README
😄 HappyNodeTokenizer
A basic Twitter aware tokenizer.
A Javascript port of HappyFunTokenizer.py by Christopher Potts and HappierFunTokenizing.py by H. Andrew Schwartz.
Install
npm install --save happynodetokenizer
UMD
, IIFE
, CJS
and ESM
builds are available in the ./dist
directory.
Usage
HappyNodeTokenizer exposes a function called tokenize()

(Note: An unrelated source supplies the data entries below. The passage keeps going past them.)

(* There exists a constant $C_0=C_0(n,p)>0$ such that for every ball $B_r(x_0)\subset\mathbb{R}^n$ and all $\mathbf{v},\mathbf{w}\in W^{1,2}(B_r(x_0);\mathbb{R}^m)$ with $\mathbf{v}=\mathbf{w}$ on $\partial B_r(x_0)$, $$\int_{B_r(x_0)}\left(|\mathbf{v}|^p-|\mathbf{w}|^p\right)\le\frac p4\int_{B_r(x_0)}|\nabla(\mathbf{v}-\mathbf{w})|^2+C_0\,r^{n+\frac{2p}{2-p}}.$$
   Context: Fix integers $n\ge2$, $m\ge1$ and $0<p<1$. Boundary equality is in the trace sense. *)

theory Defs
  imports "HOL-Analysis.Analysis"
begin

text \<open>Points of R^n are real^'n (n = CARD('n)). Vector-valued maps into R^m are
  represented as functions real^'n => nat => real, of which only the components k < m matter,
  so that m can be quantified inside the statement (the constant must not depend on m).\<close>

definition partial :: "'n::finite \<Rightarrow> (real^'n \<Rightarrow> real) \<Rightarrow> real^'n \<Rightarrow> real" where
  "partial j \<phi> x = frechet_derivative \<phi> (at x) (axis j 1)"

definition test_fun :: "(real^'n::finite) set \<Rightarrow> (real^'n \<Rightarrow> real) \<Rightarrow> bool" where
  "test_fun U \<phi> \<longleftrightarrow> (\<forall>x. \<phi> differentiable (at x)) \<and> (\<forall>j. continuous_on UNIV (partial j \<phi>))
     \<and> compact (closure {x. \<phi> x \<noteq> 0}) \<and> closure {x. \<phi> x \<noteq> 0} \<subseteq> U"

definition weak_deriv :: "(real^'n::finite) set \<Rightarrow> (real^'n \<Rightarrow> real) \<Rightarrow> 'n \<Rightarrow> (real^'n \<Rightarrow> real) \<Rightarrow> bool" where
  "weak_deriv U f j g \<longleftrightarrow> (\<forall>\<phi>. test_fun U \<phi> \<longrightarrow>
     integral\<^sup>L (lebesgue_on U) (\<lambda>x. f x * partial j \<phi> x) = - integral\<^sup>L (lebesgue_on U) (\<lambda>x. g x * \<phi> x))"

definition L2 :: "(real^'n::finite) set \<Rightarrow> (real^'n \<Rightarrow> real) \<Rightarrow> bool" where
  "L2 U f \<longleftrightarrow> f \<in> borel_measurable (lebesgue_on U) \<and> integrable (lebesgue_on U) (\<lambda>x. (f x)\<^sup>2)"

definition W12 :: "(real^'n::finite) set \<Rightarrow> nat \<Rightarrow> (real^'n \<Rightarrow> nat \<Rightarrow> real) \<Rightarrow> (real^'n \<Rightarrow> nat \<Rightarrow> real^'n) \<Rightarrow> bool" where
  "W12 U m u G \<longleftrightarrow> (\<forall>k<m. L2 U (\<lambda>x. u x k) \<and>
      (\<forall>j. L2 U (\<lambda>x. G x k $ j) \<and> weak_deriv U (\<lambda>x. u x k) j (\<lambda>x. G x k $ j)))"

text \<open>u \<in> W^{1,2}_0(U;R^m): W^{1,2}-limit of test functions (zero trace).\<close>
definition W012 :: "(real^'n::finite) set \<Rightarrow> nat \<Rightarrow> (real^'n \<Rightarrow> nat \<Rightarrow> real) \<Rightarrow> (real^'n \<Rightarrow> nat \<Rightarrow> real^'n) \<Rightarrow> bool" where
  "W012 U m u G \<longleftrightarrow> W12 U m u G \<and>
     (\<exists>\<phi> :: nat \<Rightarrow> real^'n \<Rightarrow> nat \<Rightarrow> real.
        (\<forall>i k. k < m \<longrightarrow> test_fun U (\<lambda>x. \<phi> i x k)) \<and>
        (\<lambda>i. integral\<^sup>L (lebesgue_on U) (\<lambda>x. \<Sum>k<m. (\<phi> i x k - u x k)\<^sup>2)) \<longlonglongrightarrow> 0 \<and>
        (\<lambda>i. integral\<^sup>L (lebesgue_on U)
              (\<lambda>x. \<Sum>k<m. \<Sum>j\<in>UNIV. (partial j (\<lambda>y. \<phi> i y k) x - G x k $ j)\<^sup>2)) \<longlonglongrightarrow> 0)"

definition vnorm :: "nat \<Rightarrow> (nat \<Rightarrow> real) \<Rightarrow> real" where
  "vnorm m a = sqrt (\<Sum>k<m. (a k)\<^sup>2)"

definition gnorm2 :: "nat \<Rightarrow> (nat \<Rightarrow> real^'n::finite) \<Rightarrow> real" where
  "gnorm2 m A = (\<Sum>k<m. (norm (A k))\<^sup>2)"

end

theory Submission
  imports Defs
begin

text \<open>Pointwise, |v|^p - |w|^p <= |v - w|^p by the triangle inequality and subadditivity of
  t^p for p <= 1, and t^p <= e t^2 + e^(-p/(2-p)) for every e > 0. Take e = p/(16 r^2) and
  integrate over B = B_r(x0): the constant term gives e^(-p/(2-p)) |B| = (p/16)^(-p/(2-p)) |B_1|
  r^(n + 2p/(2-p)), and the Poincare inequality int_B |u|^2 <= 4 r^2 int_B |Du|^2 for
  u = v - w in W^{1,2}_0 bounds e int_B |v - w|^2 by (p/4) int_B |D(v - w)|^2.
  The Poincare inequality is proved one coordinate at a time: testing the weak derivative D_j u
  against phi (x_j - x0_j) for test functions phi -> u gives int u^2 = -2 int u (x_j - x0_j) D_j u,
  and |x_j - x0_j| < r together with 2ab <= a^2/2 + 2b^2 concludes.\<close>

lemma integrable_mult_of_square_integrable:
  fixes f g :: "'a \<Rightarrow> real"
  assumes [measurable]: "f \<in> borel_measurable M" "g \<in> borel_measurable M"
    and "integrable M (\<lambda>x. (f x)\<^sup>2)" "integrable M (\<lambda>x. (g x)\<^sup>2)"
  shows "integrable M (\<lambda>x. f x * g x)"
proof (rule Bochner_Integration.integrable_bound)
  show "integrable M (\<lambda>x. (f x)\<^sup>2 + (g x)\<^sup>2)"
    using assms by auto
  show "AE x in M. norm (f x * g x) \<le> norm ((f x)\<^sup>2 + (g x)\<^sup>2)"
  proof (intro AE_I2)
    fix x
    have "norm (f x * g x) \<le> 2 * \<bar>f x\<bar> * \<bar>g x\<bar>"
      by (simp add: abs_mult)
    also have "\<dots> \<le> norm ((f x)\<^sup>2 + (g x)\<^sup>2)"
      using sum_squares_bound[of "\<bar>f x\<bar>" "\<bar>g x\<bar>"] by simp
    finally show "norm (f x * g x) \<le> norm ((f x)\<^sup>2 + (g x)\<^sup>2)" .
  qed
qed simp

lemma abs_integral_mult_le_sqrt:
  fixes f g :: "'a \<Rightarrow> real"
  assumes [measurable]: "f \<in> borel_measurable M" "g \<in> borel_measurable M"
    and "integrable M (\<lambda>x. (f x)\<^sup>2)" "integrable M (\<lambda>x. (g x)\<^sup>2)"
  shows "\<bar>\<integral>x. f x * g x \<partial>M\<bar> \<le> sqrt (\<integral>x. (f x)\<^sup>2 \<partial>M) * sqrt (\<integral>x. (g x)\<^sup>2 \<partial>M)"
proof -
  have fg: "integrable M (\<lambda>x. \<bar>f x\<bar> * \<bar>g x\<bar>)"
    using integrable_abs[OF integrable_mult_of_square_integrable[OF assms]] by (simp add: abs_mult)
  have "ennreal ((\<integral>x. \<bar>f x\<bar> * \<bar>g x\<bar> \<partial>M)\<^sup>2) = (\<integral>\<^sup>+x. \<bar>f x\<bar> * \<bar>g x\<bar> \<partial>M)\<^sup>2"
    using fg by (simp add: nn_integral_eq_integral ennreal_power)
  also have "\<dots> \<le> (\<integral>\<^sup>+x. (f x)\<^sup>2 \<partial>M) * (\<integral>\<^sup>+x. (g x)\<^sup>2 \<partial>M)"
    using Cauchy_Schwarz_nn_integral[of "\<lambda>x. ennreal \<bar>f x\<bar>" M "\<lambda>x. ennreal \<bar>g x\<bar>"]
    by (simp add: ennreal_mult ennreal_power)
  also have "\<dots> = ennreal ((\<integral>x. (f x)\<^sup>2 \<partial>M) * (\<integral>x. (g x)\<^sup>2 \<partial>M))"
    using assms by (simp add: nn_integral_eq_integral ennreal_mult)
  finally have "(\<integral>x. \<bar>f x\<bar> * \<bar>g x\<bar> \<partial>M)\<^sup>2 \<le> (\<integral>x. (f x)\<^sup>2 \<partial>M) * (\<integral>x. (g x)\<^sup>2 \<partial>M)"
    by simp
  then have "(\<integral>x. \<bar>f x\<bar> * \<bar>g x\<bar> \<partial>M) \<le> sqrt (\<integral>x. (f x)\<^sup>2 \<partial>M) * sqrt (\<integral>x. (g x)\<^sup>2 \<partial>M)"
    by (metis real_le_rsqrt real_sqrt_mult)
  moreover have "\<bar>\<integral>x. f x * g x \<partial>M\<bar> \<le> (\<integral>x. \<bar>f x\<bar> * \<bar>g x\<bar> \<partial>M)"
    using integral_abs_bound[of M "\<lambda>x. f x * g x"] by (simp add: abs_mult)
  ultimately show ?thesis
    by linarith
qed

lemma integral_tendsto_zero_if_dominated:
  fixes f g :: "nat \<Rightarrow> 'a \<Rightarrow> real"
  assumes "\<And>i. integrable M (g i)"
    and "\<And>i x. x \<in> space M \<Longrightarrow> 0 \<le> f i x" "\<And>i x. x \<in> space M \<Longrightarrow> f i x \<le> g i x"
    and "(\<lambda>i. integral\<^sup>L M (g i)) \<longlonglongrightarrow> 0"
  shows "(\<lambda>i. integral\<^sup>L M (f i)) \<longlonglongrightarrow> 0"
proof (rule Lim_null_comparison[OF always_eventually assms(4)], intro allI)
  fix i
  have "0 \<le> g i x" if "x \<in> space M" for x
    using assms(2,3)[OF that] by (rule order_trans)
  then have "integral\<^sup>L M (f i) \<le> integral\<^sup>L M (g i)"
    using assms(1,3) by (intro integral_mono')
  then show "norm (integral\<^sup>L M (f i)) \<le> integral\<^sup>L M (g i)"
    using assms(2) by simp
qed

lemma L2_integrable_mult: "L2 U f \<Longrightarrow> L2 U g \<Longrightarrow> integrable (lebesgue_on U) (\<lambda>x. f x * g x)"
  unfolding L2_def by (intro integrable_mult_of_square_integrable) auto

lemma L2_abs_integral_mult_le:
  "L2 U f \<Longrightarrow> L2 U g \<Longrightarrow> \<bar>\<integral>x. f x * g x \<partial>lebesgue_on U\<bar>
     \<le> sqrt (\<integral>x. (f x)\<^sup>2 \<partial>lebesgue_on U) * sqrt (\<integral>x. (g x)\<^sup>2 \<partial>lebesgue_on U)"
  unfolding L2_def by (intro abs_integral_mult_le_sqrt) auto

lemma L2_diff:
  assumes "L2 U f" "L2 U g"
  shows "L2 U (\<lambda>x. f x - g x)"
proof -
  have "integrable (lebesgue_on U) (\<lambda>x. (f x)\<^sup>2 + (g x)\<^sup>2 - 2 * (f x * g x))"
    using assms L2_integrable_mult[OF assms] unfolding L2_def by auto
  moreover have "(\<lambda>x. (f x)\<^sup>2 + (g x)\<^sup>2 - 2 * (f x * g x)) = (\<lambda>x. (f x - g x)\<^sup>2)"
    by (simp add: fun_eq_iff power2_diff)
  ultimately show ?thesis
    using assms unfolding L2_def by auto
qed

lemma L2_mult_bounded:
  assumes f: "L2 U f" and b: "b \<in> borel_measurable (lebesgue_on U)" "\<And>x. x \<in> U \<Longrightarrow> \<bar>b x\<bar> \<le> B"
  shows "L2 U (\<lambda>x. f x * b x)"
proof -
  have "integrable (lebesgue_on U) (\<lambda>x. (f x * b x)\<^sup>2)"
  proof (rule Bochner_Integration.integrable_bound)
    show "integrable (lebesgue_on U) (\<lambda>x. B\<^sup>2 * (f x)\<^sup>2)"
      using f unfolding L2_def by auto
    show "AE x in lebesgue_on U. norm ((f x * b x)\<^sup>2) \<le> norm (B\<^sup>2 * (f x)\<^sup>2)"
    proof (intro AE_I2)
      fix x
      assume "x \<in> space (lebesgue_on U)"
      then have "\<bar>b x\<bar> \<le> B"
        using b(2) by simp
      then have "(b x)\<^sup>2 \<le> B\<^sup>2"
        by (metis abs_ge_zero power2_abs power_mono)
      then show "norm ((f x * b x)\<^sup>2) \<le> norm (B\<^sup>2 * (f x)\<^sup>2)"
        by (simp add: power_mult_distrib mult_right_mono mult.commute)
    qed
  qed (use f b in \<open>auto simp: L2_def\<close>)
  then show ?thesis
    using f b unfolding L2_def by auto
qed

lemma continuous_imp_L2_ball:
  fixes f :: "real^'n::finite \<Rightarrow> real"
  assumes f: "continuous_on UNIV f"
  shows "L2 (ball x0 r) f"
proof -
  interpret finite_measure "lebesgue_on (ball x0 r)"
    by (rule finite_measure_lebesgue_on) simp
  have f_cball: "continuous_on (cball x0 r) f"
    using f by (rule continuous_on_subset) simp
  have "compact ((\<lambda>x. (f x)\<^sup>2) ` cball x0 r)"
    using f_cball by (intro compact_continuous_image continuous_intros) auto
  then obtain B where B: "\<And>x. x \<in> cball x0 r \<Longrightarrow> norm ((f x)\<^sup>2) \<le> B"
    by (meson bounded_iff compact_imp_bounded imageI)
  have "f \<in> borel_measurable (lebesgue_on (ball x0 r))"
    using f by (intro continuous_imp_measurable_on_sets_lebesgue) (auto intro: continuous_on_subset)
  moreover have "integrable (lebesgue_on (ball x0 r)) (\<lambda>x. (f x)\<^sup>2)"
    using B \<open>f \<in> _\<close> by (intro integrable_const_bound[where B=B]) auto
  ultimately show ?thesis
    unfolding L2_def ..
qed

lemma L2_integral_mult_tendsto:
  assumes f: "L2 U f" and g: "L2 U g" "\<And>i. L2 U (g' i)"
    and lim: "(\<lambda>i. \<integral>x. (g' i x - g x)\<^sup>2 \<partial>lebesgue_on U) \<longlonglongrightarrow> 0"
  shows "(\<lambda>i. \<integral>x. f x * g' i x \<partial>lebesgue_on U) \<longlonglongrightarrow> (\<integral>x. f x * g x \<partial>lebesgue_on U)"
proof -
  have "(\<lambda>i. (\<integral>x. f x * g' i x \<partial>lebesgue_on U) - (\<integral>x. f x * g x \<partial>lebesgue_on U)) \<longlonglongrightarrow> 0"
  proof (rule Lim_null_comparison[OF always_eventually], intro allI)
    fix i
    have "(\<integral>x. f x * g' i x \<partial>lebesgue_on U) - (\<integral>x. f x * g x \<partial>lebesgue_on U)
        = (\<integral>x. f x * (g' i x - g x) \<partial>lebesgue_on U)"
      using L2_integrable_mult[OF f g(2)] L2_integrable_mult[OF f g(1)]
      by (simp add: right_diff_distrib)
    then show "norm ((\<integral>x. f x * g' i x \<partial>lebesgue_on U) - (\<integral>x. f x * g x \<partial>lebesgue_on U))
        \<le> sqrt (\<integral>x. (f x)\<^sup>2 \<partial>lebesgue_on U) * sqrt (\<integral>x. (g' i x - g x)\<^sup>2 \<partial>lebesgue_on U)"
      using L2_abs_integral_mult_le[OF f L2_diff[OF g(2) g(1)]] by simp
  next
    show "(\<lambda>i. sqrt (\<integral>x. (f x)\<^sup>2 \<partial>lebesgue_on U) * sqrt (\<integral>x. (g' i x - g x)\<^sup>2 \<partial>lebesgue_on U))
        \<longlonglongrightarrow> 0"
      using tendsto_real_sqrt[OF lim] by (simp add: tendsto_mult_right_zero)
  qed
  then show ?thesis
    by (rule LIM_zero_cancel)
qed

lemma partial_mult_coordinate:
  fixes \<phi> :: "real^'n::finite \<Rightarrow> real"
  assumes "\<phi> differentiable (at x)"
  shows "partial i (\<lambda>y. \<phi> y * (y$j - c)) x = \<phi> x * (if i = j then 1 else 0) + partial i \<phi> x * (x$j - c)"
proof -
  have "((\<lambda>y. \<phi> y * (y$j - c)) has_derivative
      (\<lambda>h. \<phi> x * h$j + frechet_derivative \<phi> (at x) h * (x$j - c))) (at x)"
    using assms by (auto intro!: derivative_eq_intros bounded_linear_imp_has_derivative
        simp: frechet_derivative_works[symmetric])
  then show ?thesis
    unfolding partial_def by (simp add: frechet_derivative_at[symmetric] axis_def)
qed

lemma test_fun_continuous: "test_fun U \<phi> \<Longrightarrow> continuous_on UNIV \<phi>"
  unfolding test_fun_def by (simp add: differentiable_imp_continuous_on differentiable_on_def
      differentiable_at_withinI)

which takes up to 3 arguments: the input string to tokenize, an optional 'options' object (see below), and an optional callback function.
Example
import { tokenize } from 'happynodetokenizer'; // const tokenizer = require('happynodetokenizer'); can also be used
const text = 'A big long string of text...';
const opts = {
'mode': 'stanford',
'normalize': false,
'preserveCase': false,
'tag': false,
};
const tokens = tokenize(text, opts);
console.log(tokens)
Output Examples
Default (opts.tag = false)
Input = "RT @ #happyfuncoding: this is a typical Twitter tweet :-)"
Output =
['rt', '@', '#happyfuncoding', ':', 'this', 'is', 'a', 'typical', 'twitter', 'tweet', ':-)']
opts.tag = true
Input = "RT @ #happyfuncoding: this is a typical Twitter tweet :-)"
Output =
[
{ value: 'rt', tag: 'word' },
{ value: '@', tag: 'punct' },
{ value: '#happyfuncoding', tag: 'hashtag' },
{ value: ':', tag: 'punct' },
{ value: 'this', tag: 'word' },
{ value: 'is', tag: 'word' },
{ value: 'a', tag: 'word' },
{ value: 'typical', tag: 'word' },
{ value: 'twitter', tag: 'word' },
{ value: 'tweet', tag: 'word' },
{ value: ':-)', tag: 'emoticon' }
]
See tags below for more detail.
The Options Object
The options object and its properties are optional. The defaults are:
{
'mode': 'stanford',
'normalize': false,
'preserveCase': false,
'tag': false,
};
mode
string - valid options: stanford
(default), or dlatk
stanford
mode uses the original HappyFunTokenizer pattern. See Github.
dlatk
mode uses the modified HappierFunTokenizing pattern. See Github.
normalize
boolean - valid options: "NFC" | "NFD" | "NFKC" | "NFKD" (default = undefined)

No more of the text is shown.